Only the lines from the top of the data through the one with "E \<longleftrightarrow> finite" are to be written out, each exactly as it stands.

◆ Information given:
════

(* There exist graphs $G$ and $H$ with the same dominated chromatic number for which $|St_{dom}(G)-St_{dom}(H)|$ is arbitrarily large; that is, for every positive integer $N$ there exist graphs $G,H$ with $\chi_{dom}(G)=\chi_{dom}(H)$ and $|St_{dom}(G)-St_{dom}(H)|\ge N$.
   Context: A dominated coloring of a graph is a proper coloring in which every color class is dominated by at least one vertex, i.e. for each color class $C$ there is a vertex adjacent to every vertex of $C$; $\chi_{dom}(G)$ is the minimum number of colors in a dominated coloring. The dom-stability $St_{dom}(G)$ is the minimum number of vertices of $G$ whose removal changes the dominated chromatic number of $G$. *)

theory Defs
  imports Main
begin

definition graph :: "'a set \<Rightarrow> ('a \<times> 'a) set \<Rightarrow> bool" where
  "graph V E \<longleftrightarrow> finite V \<and> E \<subseteq> V \<times> V \<and> sym E \<and> irrefl E"

definition proper_coloring :: "'a set \<Rightarrow> ('a \<times> 'a) set \<Rightarrow> ('a \<Rightarrow> nat) \<Rightarrow> nat \<Rightarrow> bool" where
  "proper_coloring V E c k \<longleftrightarrow> c ` V \<subseteq> {..<k} \<and> (\<forall>(u,v)\<in>E. c u \<noteq> c v)"

definition dominated_coloring :: "'a set \<Rightarrow> ('a \<times> 'a) set \<Rightarrow> ('a \<Rightarrow> nat) \<Rightarrow> nat \<Rightarrow> bool" where
  "dominated_coloring V E c k \<longleftrightarrow> proper_coloring V E c k \<and>
     (\<forall>i\<in>c ` V. \<exists>w\<in>V. \<forall>v\<in>V. c v = i \<longrightarrow> (w, v) \<in> E)"

definition dom_colorable :: "'a set \<Rightarrow> ('a \<times> 'a) set \<Rightarrow> bool" where
  "dom_colorable V E \<longleftrightarrow> (\<exists>c k. dominated_coloring V E c k)"

text \<open>Dominated chromatic number (meaningful when dom_colorable, i.e. no isolated vertices).\<close>
definition chi_dom :: "'a set \<Rightarrow> ('a \<times> 'a) set \<Rightarrow> nat" where
  "chi_dom V E = (LEAST k. \<exists>c. dominated_coloring V E c k)"

definition del_vertices :: "'a set \<Rightarrow> ('a \<times> 'a) set \<Rightarrow> 'a set \<Rightarrow> 'a set \<times> ('a \<times> 'a) set" where
  "del_vertices V E S = (V - S, E \<inter> ((V - S) \<times> (V - S)))"

text \<open>Dom-stability: minimum number of vertices whose removal yields a graph
whose dominated chromatic number (exists and) differs from that of G.
Deleting all vertices always qualifies when chi_dom G > 0.\<close>
definition St_dom :: "'a set \<Rightarrow> ('a \<times> 'a) set \<Rightarrow> nat" where
  "St_dom V E = (LEAST n. \<exists>S. S \<subseteq> V \<and> card S = n \<and>
      dom_colorable (V - S) (E \<inter> ((V - S) \<times> (V - S))) \<and>
      chi_dom (V - S) (E \<inter> ((V - S) \<times> (V - S))) \<noteq> chi_dom V E)"

end

theory Submission
  imports Defs
begin

text \<open>Every star \<open>K\<^sub>1\<^sub>,\<^sub>n\<close> has dominated chromatic number 2: colour the centre
and the leaves differently; the centre dominates the leaves and any leaf dominates the centre.
A graph with a dominated colouring has no isolated vertex, so a nonempty induced subgraph of a
star that still has a dominated colouring contains the centre and a leaf, i.e. it is again a star
and its dominated chromatic number is again 2. Hence the only deletion that changes the dominated
chromatic number removes all \<open>n + 1\<close> vertices, so \<open>St\<^sub>d\<^sub>o\<^sub>m(K\<^sub>1\<^sub>,\<^sub>n) = n + 1\<close>,
and the stars \<open>K\<^sub>1\<^sub>,\<^sub>N\<^sub>+\<^sub>1\<close> and \<open>K\<^sub>1\<^sub>,\<^sub>1\<close> witness the theorem.\<close>

lemma dom_colorable_no_isolated:
  assumes "dom_colorable V E" "v \<in> V"
  shows "\<exists>w\<in>V. (w, v) \<in> E"
  using assms unfolding dom_colorable_def dominated_coloring_def by blast

lemma dom_colorable_no_edges_iff: "dom_colorable V {} \<longleftrightarrow> V = {}"
proof
  assume "dom_colorable V {}"
  then have "v \<notin> V" for v using dom_colorable_no_isolated[of V "{}" v] by blast
  then show "V = {}" by blast
next
  assume "V = {}"
  then have "dominated_coloring V {} (\<lambda>_. 0) 0"
    unfolding dominated_coloring_def proper_coloring_def by simp
  then show "dom_colorable V {}" unfolding dom_colorable_def by blast
qed

lemma chi_dom_empty: "chi_dom {} {} = 0"
proof -
  have "dominated_coloring {} {} (\<lambda>_. 0) 0"
    unfolding dominated_coloring_def proper_coloring_def by simp
  then show ?thesis unfolding chi_dom_def by (metis (mono_tags) Least_eq_0)
qed

lemma proper_coloring_edge_two_le:
  assumes "proper_coloring V E c k" "(u, v) \<in> E" "u \<in> V" "v \<in> V"
  shows "2 \<le> k"
proof -
  have "c u \<noteq> c v" "c u < k" "c v < k"
    using assms unfolding proper_coloring_def by auto
  then show ?thesis by linarith
qed

lemma St_dom_eq_card:
  assumes "finite V" "chi_dom V E \<noteq> 0"
    and "\<And>S. S \<subseteq> V \<Longrightarrow> dom_colorable (V - S) (E \<inter> ((V - S) \<times> (V - S))) \<Longrightarrow>
           chi_dom (V - S) (E \<inter> ((V - S) \<times> (V - S))) \<noteq> chi_dom V E \<Longrightarrow> S = V"
  shows "St_dom V E = card V"
  unfolding St_dom_def
proof (rule Least_equality)
  have "V - V = {}" "E \<inter> ({} \<times> {}) = {}" by simp_all
  then show "\<exists>S \<subseteq> V. card S = card V \<and> dom_colorable (V - S) (E \<inter> ((V - S) \<times> (V - S))) \<and>
      chi_dom (V - S) (E \<inter> ((V - S) \<times> (V - S))) \<noteq> chi_dom V E"
    using assms(2) by (intro exI[of _ V]) (simp add: dom_colorable_no_edges_iff chi_dom_empty)
next
  fix n
  assume "\<exists>S \<subseteq> V. card S = n \<and> dom_colorable (V - S) (E \<inter> ((V - S) \<times> (V - S))) \<and>
      chi_dom (V - S) (E \<inter> ((V - S) \<times> (V - S))) \<noteq> chi_dom V E"
  then show "card V \<le> n" using assms(3) by blast
qed

definition star_edges :: "'a \<Rightarrow> 'a set \<Rightarrow> ('a \<times> 'a) set" where
  "star_edges z L = (\<lambda>l. (z, l)) ` L \<union> (\<lambda>l. (l, z)) ` L"

lemma star_edges_Int_Times:
  "star_edges z L \<inter> (W \<times> W) = (if z \<in> W then star_edges z (L \<inter> W) else {})"
  unfolding star_edges_def by auto

lemma graph_star:
  assumes "finite L" "z \<notin> L"
  shows "graph (insert z L) (star_edges z L)"
  using assms unfolding graph_def sym_def irrefl_def star_edges_def by auto

lemma chi_dom_star:
  assumes "z \<notin> L" "L \<noteq> {}"
  shows "dom_colorable (insert z L) (star_edges z L)"
    and "chi_dom (insert z L) (star_edges z L) = 2"
proof -
  let ?V = "insert z L" and ?E = "star_edges z L"
  let ?c = "\<lambda>v. if v = z then 0 else 1 :: nat"
  obtain l where l: "l \<in> L" using assms(2) by blast
  have "proper_coloring ?V ?E ?c 2"
    using assms(1) unfolding proper_coloring_def star_edges_def by auto
  moreover have "\<exists>w\<in>?V. \<forall>v\<in>?V. ?c v = i \<longrightarrow> (w, v) \<in> ?E" if "i \<in> ?c ` ?V" for i
  proof -
    have "i \<in> {0, 1}" using that by auto
    then consider "i = 0" | "i = 1" by blast
    then show ?thesis
    proof cases
      case 1
      then show ?thesis using l assms(1) by (intro bexI[of _ l]) (auto simp: star_edges_def)
    next
      case 2
      then show ?thesis by (intro bexI[of _ z]) (auto simp: star_edges_def)
    qed
  qed
  ultimately have "dominated_coloring ?V ?E ?c 2"
    unfolding dominated_coloring_def by blast
  then show "dom_colorable ?V ?E" unfolding dom_colorable_def by blast
  have "(z, l) \<in> ?E" using l by (simp add: star_edges_def)
  then have "2 \<le> k" if "dominated_coloring ?V ?E c k" for c k
    using proper_coloring_edge_two_le[of ?V ?E c k z l] that l unfolding dominated_coloring_def by simp
  with \<open>dominated_coloring ?V ?E ?c 2\<close> show "chi_dom ?V ?E = 2"
    unfolding chi_dom_def by (blast intro: Least_equality)
qed

lemma chi_dom_star_minus:
  assumes "z \<notin> L" "S \<subset> insert z L"
    and "dom_colorable (insert z L - S) (star_edges z L \<inter> ((insert z L - S) \<times> (insert z L - S)))"
  shows "chi_dom (insert z L - S) (star_edges z L \<inter> ((insert z L - S) \<times> (insert z L - S))) = 2"
proof (cases "z \<in> S \<or> L \<subseteq> S")
  case True
  then have "star_edges z L \<inter> ((insert z L - S) \<times> (insert z L - S)) = {}"
    by (auto simp: star_edges_Int_Times star_edges_def)
  with assms(2,3) show ?thesis by (auto simp: dom_colorable_no_edges_iff)
next
  case False
  then have V: "insert z L - S = insert z (L - S)" and L: "L - S \<noteq> {}" by auto
  have "L \<inter> insert z (L - S) = L - S" using assms(1) by blast
  then have "star_edges z L \<inter> ((insert z L - S) \<times> (insert z L - S)) = star_edges z (L - S)"
    unfolding V star_edges_Int_Times by simp
  then show ?thesis using chi_dom_star(2)[of z "L - S"] assms(1) L V by simp
qed

lemma St_dom_star:
  assumes "finite L" "z \<notin> L" "L \<noteq> {}"
  shows "St_dom (insert z L) (star_edges z L) = card L + 1"
proof -
  have chi: "chi_dom (insert z L) (star_edges z L) = 2" using chi_dom_star(2)[OF assms(2,3)] .
  have "St_dom (insert z L) (star_edges z L) = card (insert z L)"
  proof (rule St_dom_eq_card)
    show "finite (insert z L)" using assms(1) by simp
    show "chi_dom (insert z L) (star_edges z L) \<noteq> 0" using chi by simp
  qed (use chi chi_dom_star_minus[OF assms(2)] in \<open>metis psubsetI\<close>)
  with assms show ?thesis by simp
qed

theorem mainTheorem11:
  fixes N :: nat
  assumes "N > 0"
  shows "\<exists>(VG :: nat set) EG (VH :: nat set) EH.
           graph VG EG \<and> graph VH EH \<and> VG \<noteq> {} \<and> VH \<noteq> {} \<and>
           dom_colorable VG EG \<and> dom_colorable VH EH \<and>
           chi_dom VG EG = chi_dom VH EH \<and>
           \<bar>int (St_dom VG EG) - int (St_dom VH EH)\<bar> \<ge> int N"
proof (intro exI conjI)
  let ?LG = "{1..N + 1}" and ?LH = "{1 :: nat}"
  have LG: "finite ?LG" "0 \<notin> ?LG" "?LG \<noteq> {}" and LH: "finite ?LH" "0 \<notin> ?LH" "?LH \<noteq> {}"
    by auto
  show "graph (insert 0 ?LG) (star_edges 0 ?LG)" "graph (insert 0 ?LH) (star_edges 0 ?LH)"
    using graph_star[OF LG(1,2)] graph_star[OF LH(1,2)] .
  show "insert 0 ?LG \<noteq> {}" "insert 0 ?LH \<noteq> {}" by simp_all
  show "dom_colorable (insert 0 ?LG) (star_edges 0 ?LG)"
    "dom_colorable (insert 0 ?LH) (star_edges 0 ?LH)"
    using chi_dom_star(1)[OF LG(2,3)] chi_dom_star(1)[OF LH(2,3)] .
  show "chi_dom (insert 0 ?LG) (star_edges 0 ?LG) = chi_dom (insert 0 ?LH) (star_edges 0 ?LH)"
    using chi_dom_star(2)[OF LG(2,3)] chi_dom_star(2)[OF LH(2,3)] by simp
  show "int N \<le> \<bar>int (St_dom (insert 0 ?LG) (star_edges 0 ?LG)) -
                   int (St_dom (insert 0 ?LH) (star_edges 0 ?LH))\<bar>"
    using St_dom_star[OF LG] St_dom_star[OF LH] by simp
qed

end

════

◆ Result of the task:
(* There exist graphs $G$ and $H$ with the same dominated chromatic number for which $|St_{dom}(G)-St_{dom}(H)|$ is arbitrarily large; that is, for every positive integer $N$ there exist graphs $G,H$ with $\chi_{dom}(G)=\chi_{dom}(H)$ and $|St_{dom}(G)-St_{dom}(H)|\ge N$.
   Context: A dominated coloring of a graph is a proper coloring in which every color class is dominated by at least one vertex, i.e. for each color class $C$ there is a vertex adjacent to every vertex of $C$; $\chi_{dom}(G)$ is the minimum number of colors in a dominated coloring. The dom-stability $St_{dom}(G)$ is the minimum number of vertices of $G$ whose removal changes the dominated chromatic number of $G$. *)

theory Defs
  imports Main
begin

definition graph :: "'a set \<Rightarrow> ('a \<times> 'a) set \<Rightarrow> bool" where
  "graph V E \<longleftrightarrow> finite V \<and> E \<subseteq> V \<times> V \<and> sym E \<and> irrefl E"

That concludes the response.